*** Records for processing Section Begins ***

lemma kraus_on_recovers:
  assumes \<phi>: "\<phi> \<in> stab_code n C lam" and e: "e \<in> V_I" and g: "g \<in> V_I"
  shows "op_conj n (kraus_on e) (op_conj n (pauli n g) (outer n \<phi>))
       = (if vsub g e \<in> C then op_smult n (1 / of_nat card_code_on_I) (outer n \<phi>) else (\<lambda>x y. 0))"
proof -
  let ?w = "vsub g e" and ?\<alpha> = "cnj (chi (dot n (snd e) (fst (vsub g e))))"
  let ?\<gamma> = "if ?w \<in> C then lam (pauli n ?w) else 0"
  have w: "?w \<in> V_I"
    using g e by (rule vecs_on_closed(2))
  have "op_mult n (kraus_on e) (pauli n g)
      = op_smult n kraus_scale (op_mult n code_proj (op_mult n (op_adj n (pauli n e)) (pauli n g)))"
    by (simp add: kraus_on_def op_mult_smult_left op_mult_assoc)
  also have "\<dots> = op_smult n (kraus_scale * ?\<alpha>) (op_mult n code_proj (pauli n ?w))"
    by (simp add: pauli_adj_mult[OF vecs_on_sympl_vecs[OF e] vecs_on_sympl_vecs[OF g]]
        op_mult_smult_right)
  finally have "op_mult n (kraus_on e) (pauli n g)
      = op_smult n (kraus_scale * ?\<alpha>) (op_mult n code_proj (pauli n ?w))" .
  then have "op_conj n (kraus_on e) (op_conj n (pauli n g) (outer n \<phi>))
      = op_smult n (kraus_scale * ?\<alpha> * cnj (kraus_scale * ?\<alpha>))
          (op_conj n (op_mult n code_proj (pauli n ?w)) (outer n \<phi>))"
    by (simp only: op_conj_mult[symmetric] op_conj_smult_left)
  also have "op_conj n (op_mult n code_proj (pauli n ?w)) (outer n \<phi>)
      = op_conj n (op_mult n code_proj (op_mult n (pauli n ?w) code_proj)) (outer n \<phi>)"
    by (rule op_conj_code_proj_mult_outer[OF \<phi>])
  also have "\<dots> = op_smult n (?\<gamma> * cnj ?\<gamma>) (op_conj n code_proj (outer n \<phi>))"
    by (simp only: code_proj_pauli_code_proj_on_I[OF w] op_conj_smult_left)
  also have "op_conj n code_proj (outer n \<phi>) = outer n \<phi>"
    using code_proj_mult_outer[OF \<phi>] by (simp add: op_conj_def code_proj_hermitian)
  also have "kraus_scale * ?\<alpha> * cnj (kraus_scale * ?\<alpha>) = 1 / of_nat card_code_on_I"
    using kraus_scale_mult_cnj by (simp add: mult_ac)
  also have "?\<gamma> * cnj ?\<gamma> = (if ?w \<in> C then 1 else 0)"
    using lam_pauli_unimodular[of ?w] by (simp add: mult.commute)
  finally show ?thesis
    by (simp add: mult.commute)
qed

text \<open>Each corrupted state \<open>E\<^sub>g \<rho> E\<^sub>g\<^sup>\<dagger>\<close> is restored: \<open>complement_proj\<close> annihilates it,
  and exactly the \<open>card_code_on_I\<close> Kraus operators \<open>kraus_on e\<close> with \<open>g - e \<in> C\<close> return
  equal shares of \<open>\<rho>\<close>.\<close>
lemma recovery_pauli_conj:
  assumes \<phi>: "\<phi> \<in> stab_code n C lam" and g: "g \<in> V_I"
  shows "kraus_apply n recovery (op_conj n (pauli n g) (outer n \<phi>)) = outer n \<phi>"
proof -
  have "op_conj n complement_proj (op_conj n (pauli n g) (outer n \<phi>)) = (\<lambda>x y. 0)"
  proof -
    have "op_mult n (op_mult n complement_proj (pauli n g)) (outer n \<phi>)
        = op_mult n (op_mult n complement_proj (op_mult n (pauli n g) code_proj)) (outer n \<phi>)"
      using code_proj_mult_outer[OF \<phi>] by (simp add: op_mult_assoc)
    then have "op_mult n (op_mult n complement_proj (pauli n g)) (outer n \<phi>) = (\<lambda>x y. 0)"
      by (simp add: complement_proj_mult_pauli_code_proj[OF g])
    moreover have "op_conj n complement_proj (op_conj n (pauli n g) (outer n \<phi>))
        = op_conj n (op_mult n complement_proj (pauli n g)) (outer n \<phi>)"
      by (rule op_conj_mult[symmetric])
    ultimately show ?thesis
      by (simp add: op_conj_def)
  qed
  then have "kraus_apply n recovery (op_conj n (pauli n g) (outer n \<phi>))
      = op_sum n (\<lambda>e. if vsub g e \<in> C then op_smult n (1 / of_nat card_code_on_I) (outer n \<phi>)
          else (\<lambda>x y. 0)) V_I"
    by (simp add: kraus_apply_recovery kraus_on_recovers[OF \<phi> _ g] cong: op_sum_cong)
  then show ?thesis
    using card_code_on_I_pos by (simp add: op_sum_indicator finite_vecs_on card_code_translates[OF g])
qed

lemma corrects_erasures: "corrects_erasures n (stab_code n C lam) I"
  unfolding corrects_erasures_def
proof (intro exI conjI ballI)
  show "kraus_tp n recovery"
    by (rule kraus_tp_recovery)
  fix \<phi> assume \<phi>: "\<phi> \<in> stab_code n C lam"
  have "kraus_apply n recovery (erasure_channel n I (outer n \<phi>))
      = op_smult n (1 / of_nat (card V_I)) (op_sum n (\<lambda>g. outer n \<phi>) V_I)"
    by (simp add: erasure_channel_eq_twirl[OF I_subset] kraus_apply_smult kraus_apply_sum
        recovery_pauli_conj[OF \<phi>] cong: op_sum_cong)
  then show "kraus_apply n recovery (erasure_channel n I (outer n \<phi>)) = outer n \<phi>"
    using card_vecs_on_pos[of n I, where 'a='a] by (simp add: op_sum_const)
qed

end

*** Records for processing Section Ends ***

What is required:
Your answer must be the lines above, unchanged, from the first one through the line that holds "(chi (dot n", inclusive, and no others.

Reply to the exercise:
lemma kraus_on_recovers:
  assumes \<phi>: "\<phi> \<in> stab_code n C lam" and e: "e \<in> V_I" and g: "g \<in> V_I"
  shows "op_conj n (kraus_on e) (op_conj n (pauli n g) (outer n \<phi>))
       = (if vsub g e \<in> C then op_smult n (1 / of_nat card_code_on_I) (outer n \<phi>) else (\<lambda>x y. 0))"
proof -
  let ?w = "vsub g e" and ?\<alpha> = "cnj (chi (dot n (snd e) (fst (vsub g e))))"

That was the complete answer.